I don't get it. It is their facial expressions?

Other window you have open:
"B*tches don't know 'bout my..."


----------



## mcsqueizy (Jun 26, 2010)

ianini said:


> This is a cubing community, could we please keep it that way? Thanks.



well this is the off topic portion of the web site and its not like im being mean or any thing i think its a legitamite question and i wanna see what people say


----------



## shelley (Jun 26, 2010)

Yes, Stewie being gay (or at least hinting at it) is a running joke in the series, even if he has had one or two female love interests.


----------



## miniGOINGS (Jun 26, 2010)

InfernoTowel said:


> Other window you have open:
> "B*tches don't know 'bout my..."



"...ZB method."


----------



## Sa967St (Jun 26, 2010)

InfernoTowel said:


> Edward said:
> 
> 
> > Spoiler
> ...


Shoes on head.
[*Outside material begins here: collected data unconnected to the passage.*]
text \<open>If every element of \<open>T\<close> gained at least as much on \<open>T\<close> as on \<open>S\<close> when it was added,
  its positive gains with respect to \<open>S\<close> telescope to at most \<open>v T\<close>.\<close>

lemma balanced_insert:
  assumes "S \<union> T \<subseteq> N" "u \<in> N" "u \<notin> S \<union> T" "S \<inter> T = {}"
    and ST: "(\<Sum>w\<in>T. max 0 (marginal v w S)) \<le> v T"
    and TS: "(\<Sum>w\<in>S. max 0 (marginal v w T)) \<le> v S"
    and larger: "marginal v u T \<le> marginal v u S" and gain: "0 \<le> marginal v u S"
  shows "(\<Sum>w\<in>T. max 0 (marginal v w (insert u S))) \<le> v T"
    and "(\<Sum>w\<in>insert u S. max 0 (marginal v w T)) \<le> v (insert u S)"
proof -
  have "(\<Sum>w\<in>T. max 0 (marginal v w (insert u S))) \<le> (\<Sum>w\<in>T. max 0 (marginal v w S))"
  proof (rule sum_mono)
    fix w assume "w \<in> T"
    then have "marginal v w (insert u S) \<le> marginal v w S"
      using assms(1-4) by (intro marginal_antimono) auto
    then show "max 0 (marginal v w (insert u S)) \<le> max 0 (marginal v w S)" by simp
  qed
  then show "(\<Sum>w\<in>T. max 0 (marginal v w (insert u S))) \<le> v T" using ST by linarith
  have "finite S" using assms(1) finite_ground finite_subset by blast
  then have "(\<Sum>w\<in>insert u S. max 0 (marginal v w T))
      = max 0 (marginal v u T) + (\<Sum>w\<in>S. max 0 (marginal v w T))"
    using assms(3) by simp
  moreover have "max 0 (marginal v u T) \<le> marginal v u S" using larger gain by simp
  ultimately show "(\<Sum>w\<in>insert u S. max 0 (marginal v w T)) \<le> v (insert u S)"
    using TS by linarith
qed

end

section \<open>One round of BFM-VM\<close>

lemma accepted_price_gain_nonneg:
  fixes B \<rho> c p m :: real
  assumes "0 < B" "0 < \<rho>" "0 \<le> c" "c \<le> min p (m / (\<rho> / B))"
  shows "0 \<le> m"
proof -
  have "0 \<le> m / (\<rho> / B)" using assms(3,4) by linarith
  then show ?thesis using assms(1,2) by (simp add: zero_le_divide_iff zero_le_mult_iff)
qed

lemma rejected_price_gain_less:
  fixes B \<rho> c p m :: real
  assumes "0 < B" "0 < \<rho>" "c \<le> p" "\<not> c \<le> min p (m / (\<rho> / B))"
  shows "m < \<rho> * c / B"
proof -
  have "m / (\<rho> / B) < c" using assms(3,4) by linarith
  then show ?thesis using assms(1,2) by (simp add: divide_less_eq less_divide_eq mult.commute)
qed

locale bfm_run =
  fixes ord :: "'a list" and v :: "'a set \<Rightarrow> real" and c :: "'a \<Rightarrow> real" and B :: real
    and tie :: "nat \<Rightarrow> 'a \<Rightarrow> bool" and u0 :: 'a and al :: real
  assumes valid_instance: "bfm_instance ord v c B u0" and alpha_gt_1: "1 < al"
begin

abbreviation "N \<equiv> set ord"
abbreviation "proc \<equiv> bfm_proc v c B tie"

lemma distinct_ord: "distinct ord"
  and cost_nonneg: "u \<in> N \<Longrightarrow> 0 \<le> c u"
  and budget_pos: "0 < B"
  using valid_instance unfolding bfm_instance_def by blast+

sublocale submodular_valuation N v
  using valid_instance unfolding bfm_instance_def by unfold_locales auto

lemma bfm_proc_cases [consumes 6]:
  assumes active: "\<not> ended s" "u \<in> Rs s" "u \<notin> P1 s" "u \<notin> P2 s"
    and u: "u \<in> N" "c u \<le> pr s u"
  obtains
    (stop) q where "proc u s = s\<lparr>pr := (pr s)(u := q), evals := evals s + 4, ended := True\<rparr>"
      "c u \<le> q" "rho s < v (insert u (A1 s)) \<or> rho s < v (insert u (A2 s))"
  | (add1) q where "proc u s = s\<lparr>pr := (pr s)(u := q), evals := evals s + 4, A1 := insert u (A1 s)\<rparr>"
      "c u \<le> q" "v (insert u (A1 s)) \<le> rho s" "marginal v u (A2 s) \<le> marginal v u (A1 s)"
      "0 < rho s \<Longrightarrow> 0 \<le> marginal v u (A1 s)"
  | (add2) q where "proc u s = s\<lparr>pr := (pr s)(u := q), evals := evals s + 4, A2 := insert u (A2 s)\<rparr>"
      "c u \<le> q" "v (insert u (A2 s)) \<le> rho s" "marginal v u (A1 s) \<le> marginal v u (A2 s)"
      "0 < rho s \<Longrightarrow> 0 \<le> marginal v u (A2 s)"
  | (reject) q where "proc u s = s\<lparr>pr := (pr s)(u := q), evals := evals s + 4, Rs := Rs s - {u}\<rparr>"
      "0 < rho s \<Longrightarrow> marginal v u (A1 s) < rho s * c u / B"
      "0 < rho s \<Longrightarrow> marginal v u (A2 s) < rho s * c u / B"
proof -
  define m1 where "m1 = marginal v u (A1 s)"
  define m2 where "m2 = marginal v u (A2 s)"
  define j1 where "j1 = (m2 < m1 \<or> (m1 = m2 \<and> tie (tt s) u))"
  define mj where "mj = (if j1 then m1 else m2)"
  define q where "q = min (pr s u) (mj / (rho s / B))"
  let ?s' = "s\<lparr>pr := (pr s)(u := q), evals := evals s + 4\<rparr>"
  have proc_eq: "proc u s = (if c u \<le> q then
        (if rho s < v (insert u (if j1 then A1 s else A2 s)) then ?s'\<lparr>ended := True\<rparr>
         else if j1 then ?s'\<lparr>A1 := insert u (A1 s)\<rparr> else ?s'\<lparr>A2 := insert u (A2 s)\<rparr>)
      else ?s'\<lparr>Rs := Rs s - {u}\<rparr>)"
    using active unfolding bfm_proc_def Let_def q_def mj_def j1_def m1_def m2_def by simp
  have mj_max: "m1 \<le> mj" "m2 \<le> mj" by (auto simp: mj_def j1_def)
  show thesis
  proof (cases "c u \<le> q")
    case accept: True
    have mj_nonneg: "0 \<le> mj" if "0 < rho s"
      using accept unfolding q_def
      by (rule accepted_price_gain_nonneg[OF budget_pos that cost_nonneg[OF u(1)]])
    show thesis
    proof (cases "rho s < v (insert u (if j1 then A1 s else A2 s))")
      case True
      then show thesis using stop[of q] proc_eq accept by (auto split: if_splits)
    next
      case False
      show thesis
      proof (cases j1)
        case True
        then show thesis using add1[of q] proc_eq accept False mj_max mj_nonneg
          by (simp add: m1_def m2_def mj_def)
      next
        case False
        then have "m1 \<le> m2" by (auto simp: j1_def)
        then show thesis using add2[of q] proc_eq accept \<open>\<not> rho s < _\<close> False mj_nonneg
          by (simp add: m1_def m2_def mj_def)
      qed
    qed
  next
    case False
    have mj_less: "mj < rho s * c u / B" if "0 < rho s"
      using False unfolding q_def by (rule rejected_price_gain_less[OF budget_pos that u(2)])
    show thesis
    proof (rule reject[of q])
      show "proc u s = s\<lparr>pr := (pr s)(u := q), evals := evals s + 4, Rs := Rs s - {u}\<rparr>"
        using proc_eq False by simp
    qed (use mj_less mj_max in \<open>force simp: m1_def m2_def\<close>)+
  qed
qed

text \<open>\<open>round_inv R e X s\<close>: state \<open>s\<close> arises within a round that started with sellers \<open>R\<close> and
  evaluation count \<open>e\<close>, after the sellers in \<open>X\<close> have been processed.  The value bounds are
  only claimed for \<open>\<rho> > 0\<close>: for \<open>\<rho> = 0\<close> the price \<open>v(u | S)/(\<rho>/B)\<close> is \<open>0\<close> by division by zero.\<close>

definition round_inv :: "'a set \<Rightarrow> nat \<Rightarrow> 'a set \<Rightarrow> 'a bfm_state \<Rightarrow> bool" where
  "round_inv R e X s \<longleftrightarrow>
    Rs s \<subseteq> R \<and> A1 s \<union> A2 s \<subseteq> Rs s \<and> A1 s \<inter> A2 s = {} \<and> A1 s \<union> A2 s \<subseteq> X \<and>
    v (A1 s) \<le> rho s \<and> v (A2 s) \<le> rho s \<and>
    (0 < rho s \<longrightarrow>
      (\<Sum>w\<in>A2 s. max 0 (marginal v w (A1 s))) \<le> v (A2 s) \<and>
      (\<Sum>w\<in>A1 s. max 0 (marginal v w (A2 s))) \<le> v (A1 s) \<and>
      (\<forall>w\<in>R - Rs s. marginal v w (A1 s) \<le> rho s * c w / B \<and>
                     marginal v w (A2 s) \<le> rho s * c w / B)) \<and>
    (\<forall>w\<in>Rs s. c w \<le> pr s w) \<and> evals s \<le> e + 4 * card X \<and>
    (ended s \<longrightarrow> (\<exists>w\<in>Rs s. rho s < v (insert w (A1 s)) \<or> rho s < v (insert w (A2 s)))) \<and>
    (\<not> ended s \<longrightarrow> X \<inter> Rs s \<subseteq> P1 s \<union> P2 s \<union> A1 s \<union> A2 s)"

context
  fixes R e X s
  assumes inv: "round_inv R e X s"
begin

lemma round_inv_sets: "Rs s \<subseteq> R" "A1 s \<union> A2 s \<subseteq> Rs s" "A1 s \<inter> A2 s = {}"
  using inv unfolding round_inv_def by blast+

lemma round_inv_value: "v (A1 s) \<le> rho s" "v (A2 s) \<le> rho s"
  using inv unfolding round_inv_def by blast+

lemma round_inv_balanced:
  "0 < rho s \<Longrightarrow> (\<Sum>w\<in>A2 s. max 0 (marginal v w (A1 s))) \<le> v (A2 s)"
  "0 < rho s \<Longrightarrow> (\<Sum>w\<in>A1 s. max 0 (marginal v w (A2 s))) \<le> v (A1 s)"
  using inv unfolding round_inv_def by blast+

lemma round_inv_rejected:
  "0 < rho s \<Longrightarrow> w \<in> R - Rs s \<Longrightarrow> marginal v w (A1 s) \<le> rho s * c w / B"
  "0 < rho s \<Longrightarrow> w \<in> R - Rs s \<Longrightarrow> marginal v w (A2 s) \<le> rho s * c w / B"
  using inv unfolding round_inv_def by blast+

lemma round_inv_prices: "w \<in> Rs s \<Longrightarrow> c w \<le> pr s w"
  and round_inv_evals: "evals s \<le> e + 4 * card X"
  using inv unfolding round_inv_def by blast+

lemma round_inv_ended:
  "ended s \<Longrightarrow> \<exists>w\<in>Rs s. rho s < v (insert w (A1 s)) \<or> rho s < v (insert w (A2 s))"
  and round_inv_not_ended: "\<not> ended s \<Longrightarrow> X \<inter> Rs s \<subseteq> P1 s \<union> P2 s \<union> A1 s \<union> A2 s"
  using inv unfolding round_inv_def by blast+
It's become a trend in Lance's webcasts.


----------



## JeffDelucia (Jun 26, 2010)

First off I know it's the off-topic section but nobody really cares about this...Also I really don't want this to turn into another pro-gay vs anti-gay debate thread.


----------



## Kirjava (Jun 26, 2010)

mcsqueizy said:


> because i just watched two episodes of family guy and in one there was a sexy party and in the other it made him seem not straight and i was just wondering


----------



## Chapuunka (Jun 26, 2010)

JeffDelucia said:


> Also I really don't want this to turn into another pro-gay vs anti-gay debate thread.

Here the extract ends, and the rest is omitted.